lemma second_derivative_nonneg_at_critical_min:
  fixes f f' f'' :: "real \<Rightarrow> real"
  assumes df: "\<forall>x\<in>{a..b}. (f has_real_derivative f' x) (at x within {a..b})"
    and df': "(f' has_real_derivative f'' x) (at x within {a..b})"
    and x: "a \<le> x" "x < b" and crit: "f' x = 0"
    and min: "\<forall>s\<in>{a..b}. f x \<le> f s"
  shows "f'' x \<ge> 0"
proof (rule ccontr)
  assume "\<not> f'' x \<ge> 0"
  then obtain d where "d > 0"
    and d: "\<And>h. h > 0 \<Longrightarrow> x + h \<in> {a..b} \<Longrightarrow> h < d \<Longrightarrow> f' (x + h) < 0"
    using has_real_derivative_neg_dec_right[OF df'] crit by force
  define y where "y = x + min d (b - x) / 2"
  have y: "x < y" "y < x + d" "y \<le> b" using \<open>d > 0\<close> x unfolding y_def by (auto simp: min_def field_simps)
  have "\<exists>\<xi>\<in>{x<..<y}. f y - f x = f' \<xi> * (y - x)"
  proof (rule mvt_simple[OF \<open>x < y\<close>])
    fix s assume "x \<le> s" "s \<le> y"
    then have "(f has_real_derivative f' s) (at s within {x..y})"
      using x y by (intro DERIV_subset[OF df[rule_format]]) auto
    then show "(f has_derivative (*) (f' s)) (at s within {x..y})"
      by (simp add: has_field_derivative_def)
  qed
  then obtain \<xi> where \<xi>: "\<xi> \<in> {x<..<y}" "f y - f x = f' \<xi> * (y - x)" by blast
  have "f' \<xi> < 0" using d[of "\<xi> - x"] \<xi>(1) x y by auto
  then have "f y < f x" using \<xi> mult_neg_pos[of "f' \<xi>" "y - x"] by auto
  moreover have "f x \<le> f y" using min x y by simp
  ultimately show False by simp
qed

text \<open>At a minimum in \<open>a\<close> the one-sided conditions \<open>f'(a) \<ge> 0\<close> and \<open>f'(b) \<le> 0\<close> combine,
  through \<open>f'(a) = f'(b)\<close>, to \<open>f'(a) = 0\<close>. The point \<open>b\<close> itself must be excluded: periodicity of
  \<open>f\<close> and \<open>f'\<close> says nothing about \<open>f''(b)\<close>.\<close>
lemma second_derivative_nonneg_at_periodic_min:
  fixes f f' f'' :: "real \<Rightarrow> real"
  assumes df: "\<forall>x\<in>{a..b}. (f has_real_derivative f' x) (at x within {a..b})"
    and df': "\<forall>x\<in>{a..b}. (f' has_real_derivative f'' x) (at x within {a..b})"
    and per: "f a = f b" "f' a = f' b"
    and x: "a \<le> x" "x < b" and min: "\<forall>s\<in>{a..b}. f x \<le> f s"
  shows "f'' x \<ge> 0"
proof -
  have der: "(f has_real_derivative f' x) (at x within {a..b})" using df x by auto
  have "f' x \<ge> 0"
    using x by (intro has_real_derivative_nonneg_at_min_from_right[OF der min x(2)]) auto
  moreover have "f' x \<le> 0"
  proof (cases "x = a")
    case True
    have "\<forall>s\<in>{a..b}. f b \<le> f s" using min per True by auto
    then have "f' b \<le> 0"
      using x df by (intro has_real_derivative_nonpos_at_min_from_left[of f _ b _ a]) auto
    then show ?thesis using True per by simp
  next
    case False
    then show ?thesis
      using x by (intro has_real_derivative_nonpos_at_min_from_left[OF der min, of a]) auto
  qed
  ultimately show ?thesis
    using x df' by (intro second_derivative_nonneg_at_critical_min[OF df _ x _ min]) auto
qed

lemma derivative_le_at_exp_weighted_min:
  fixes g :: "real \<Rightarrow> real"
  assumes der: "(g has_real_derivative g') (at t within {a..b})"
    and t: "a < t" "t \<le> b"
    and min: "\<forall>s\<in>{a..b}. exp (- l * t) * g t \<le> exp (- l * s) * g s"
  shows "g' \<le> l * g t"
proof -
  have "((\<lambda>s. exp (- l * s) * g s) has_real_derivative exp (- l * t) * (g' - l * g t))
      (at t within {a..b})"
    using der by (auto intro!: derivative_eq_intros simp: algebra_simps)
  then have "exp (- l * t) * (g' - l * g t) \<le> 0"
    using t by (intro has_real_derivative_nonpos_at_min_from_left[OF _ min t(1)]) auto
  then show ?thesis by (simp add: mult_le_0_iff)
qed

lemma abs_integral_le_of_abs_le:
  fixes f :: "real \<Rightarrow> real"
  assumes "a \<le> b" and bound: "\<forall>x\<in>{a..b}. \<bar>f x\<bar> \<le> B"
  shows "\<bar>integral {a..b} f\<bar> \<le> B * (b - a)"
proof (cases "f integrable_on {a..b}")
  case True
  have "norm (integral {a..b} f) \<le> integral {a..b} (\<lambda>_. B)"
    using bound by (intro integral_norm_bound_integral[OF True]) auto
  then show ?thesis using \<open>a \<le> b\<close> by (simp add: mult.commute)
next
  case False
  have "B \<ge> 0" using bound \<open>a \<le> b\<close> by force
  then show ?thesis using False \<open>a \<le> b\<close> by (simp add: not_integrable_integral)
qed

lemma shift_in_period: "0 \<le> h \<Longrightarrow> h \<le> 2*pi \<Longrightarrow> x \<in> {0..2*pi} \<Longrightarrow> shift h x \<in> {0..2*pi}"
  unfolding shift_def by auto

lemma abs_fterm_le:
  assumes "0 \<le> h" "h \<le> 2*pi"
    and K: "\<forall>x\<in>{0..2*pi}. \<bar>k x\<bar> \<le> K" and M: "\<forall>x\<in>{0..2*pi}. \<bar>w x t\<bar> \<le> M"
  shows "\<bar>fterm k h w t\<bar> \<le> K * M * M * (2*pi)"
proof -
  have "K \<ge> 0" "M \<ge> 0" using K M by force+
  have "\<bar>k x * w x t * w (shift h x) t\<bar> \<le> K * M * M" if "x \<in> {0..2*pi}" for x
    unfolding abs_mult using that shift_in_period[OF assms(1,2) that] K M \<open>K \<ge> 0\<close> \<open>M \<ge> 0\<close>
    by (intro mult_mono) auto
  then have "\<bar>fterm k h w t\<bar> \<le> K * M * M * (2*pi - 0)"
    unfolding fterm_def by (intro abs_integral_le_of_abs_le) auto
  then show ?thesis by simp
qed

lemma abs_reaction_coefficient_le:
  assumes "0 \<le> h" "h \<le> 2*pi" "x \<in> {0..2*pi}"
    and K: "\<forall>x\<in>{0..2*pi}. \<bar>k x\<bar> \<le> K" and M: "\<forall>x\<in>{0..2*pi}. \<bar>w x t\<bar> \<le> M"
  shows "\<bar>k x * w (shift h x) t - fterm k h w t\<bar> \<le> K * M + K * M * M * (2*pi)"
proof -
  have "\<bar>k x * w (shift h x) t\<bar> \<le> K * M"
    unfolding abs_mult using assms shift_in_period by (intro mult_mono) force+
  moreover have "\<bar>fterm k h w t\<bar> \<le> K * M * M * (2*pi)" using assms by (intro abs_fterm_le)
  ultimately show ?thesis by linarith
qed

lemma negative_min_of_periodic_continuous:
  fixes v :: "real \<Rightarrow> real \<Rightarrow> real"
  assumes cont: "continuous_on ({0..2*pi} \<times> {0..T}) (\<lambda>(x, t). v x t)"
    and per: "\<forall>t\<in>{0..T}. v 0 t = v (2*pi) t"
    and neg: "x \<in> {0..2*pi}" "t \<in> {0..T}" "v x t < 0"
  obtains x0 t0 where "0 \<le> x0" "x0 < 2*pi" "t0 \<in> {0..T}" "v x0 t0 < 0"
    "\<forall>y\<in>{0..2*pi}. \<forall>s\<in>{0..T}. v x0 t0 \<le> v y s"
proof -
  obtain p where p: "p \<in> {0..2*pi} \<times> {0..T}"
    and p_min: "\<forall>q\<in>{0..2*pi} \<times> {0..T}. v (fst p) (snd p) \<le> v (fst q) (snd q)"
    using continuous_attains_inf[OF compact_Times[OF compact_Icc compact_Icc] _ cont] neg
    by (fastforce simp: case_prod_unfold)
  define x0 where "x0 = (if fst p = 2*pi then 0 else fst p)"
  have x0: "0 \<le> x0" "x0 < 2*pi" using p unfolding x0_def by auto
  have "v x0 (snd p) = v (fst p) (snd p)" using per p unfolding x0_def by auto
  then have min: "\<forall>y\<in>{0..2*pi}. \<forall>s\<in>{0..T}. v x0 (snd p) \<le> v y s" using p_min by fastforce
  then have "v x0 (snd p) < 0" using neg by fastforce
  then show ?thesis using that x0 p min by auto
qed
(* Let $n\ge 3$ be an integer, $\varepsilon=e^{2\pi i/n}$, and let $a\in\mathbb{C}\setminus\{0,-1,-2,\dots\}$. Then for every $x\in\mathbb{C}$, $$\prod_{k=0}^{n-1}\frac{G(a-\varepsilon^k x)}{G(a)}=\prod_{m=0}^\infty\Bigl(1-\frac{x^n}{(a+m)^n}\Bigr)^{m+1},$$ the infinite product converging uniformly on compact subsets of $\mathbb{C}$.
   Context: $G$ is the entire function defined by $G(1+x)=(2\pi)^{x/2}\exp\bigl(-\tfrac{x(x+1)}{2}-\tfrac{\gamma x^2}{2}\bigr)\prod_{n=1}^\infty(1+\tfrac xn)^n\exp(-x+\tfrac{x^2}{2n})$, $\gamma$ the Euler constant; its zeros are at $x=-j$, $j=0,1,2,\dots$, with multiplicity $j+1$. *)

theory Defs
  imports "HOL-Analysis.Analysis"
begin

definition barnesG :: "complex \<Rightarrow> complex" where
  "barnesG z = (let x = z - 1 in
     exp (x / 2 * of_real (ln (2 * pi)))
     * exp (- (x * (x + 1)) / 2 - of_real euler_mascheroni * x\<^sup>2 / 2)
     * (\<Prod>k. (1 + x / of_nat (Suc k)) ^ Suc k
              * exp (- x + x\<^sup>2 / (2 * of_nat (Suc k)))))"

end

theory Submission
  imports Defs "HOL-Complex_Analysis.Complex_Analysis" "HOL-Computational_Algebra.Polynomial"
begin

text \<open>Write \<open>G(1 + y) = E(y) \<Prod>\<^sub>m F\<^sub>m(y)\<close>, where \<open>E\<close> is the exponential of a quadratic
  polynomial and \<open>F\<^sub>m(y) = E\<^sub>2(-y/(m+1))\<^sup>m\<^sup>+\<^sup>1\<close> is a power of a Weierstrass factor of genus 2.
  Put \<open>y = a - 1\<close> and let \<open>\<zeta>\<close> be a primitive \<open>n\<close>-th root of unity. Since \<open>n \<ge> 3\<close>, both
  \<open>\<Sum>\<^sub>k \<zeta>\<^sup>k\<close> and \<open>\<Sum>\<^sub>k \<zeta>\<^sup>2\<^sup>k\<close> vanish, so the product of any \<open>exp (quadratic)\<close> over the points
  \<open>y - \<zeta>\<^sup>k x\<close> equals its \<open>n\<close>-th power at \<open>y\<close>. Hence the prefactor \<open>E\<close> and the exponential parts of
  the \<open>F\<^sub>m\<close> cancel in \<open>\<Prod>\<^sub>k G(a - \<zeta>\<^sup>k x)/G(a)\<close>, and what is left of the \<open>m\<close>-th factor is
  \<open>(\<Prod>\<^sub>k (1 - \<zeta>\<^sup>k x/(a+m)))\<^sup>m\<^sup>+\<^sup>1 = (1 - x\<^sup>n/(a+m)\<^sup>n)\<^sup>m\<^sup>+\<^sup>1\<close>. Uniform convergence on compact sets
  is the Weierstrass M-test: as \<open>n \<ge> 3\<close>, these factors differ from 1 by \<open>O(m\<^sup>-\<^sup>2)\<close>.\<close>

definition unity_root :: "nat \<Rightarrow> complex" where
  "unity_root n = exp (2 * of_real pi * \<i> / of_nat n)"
____________
> [WHAT TO WORK ON] Return a word-for-word copy of the lines from the beginning of the listing to the line holding "define y where", both kept.

> [PROBLEM SOLUTION]
lemma second_derivative_nonneg_at_critical_min:
  fixes f f' f'' :: "real \<Rightarrow> real"
  assumes df: "\<forall>x\<in>{a..b}. (f has_real_derivative f' x) (at x within {a..b})"
    and df': "(f' has_real_derivative f'' x) (at x within {a..b})"
    and x: "a \<le> x" "x < b" and crit: "f' x = 0"
    and min: "\<forall>s\<in>{a..b}. f x \<le> f s"
  shows "f'' x \<ge> 0"
proof (rule ccontr)
  assume "\<not> f'' x \<ge> 0"
  then obtain d where "d > 0"
    and d: "\<And>h. h > 0 \<Longrightarrow> x + h \<in> {a..b} \<Longrightarrow> h < d \<Longrightarrow> f' (x + h) < 0"
    using has_real_derivative_neg_dec_right[OF df'] crit by force
  define y where "y = x + min d (b - x) / 2"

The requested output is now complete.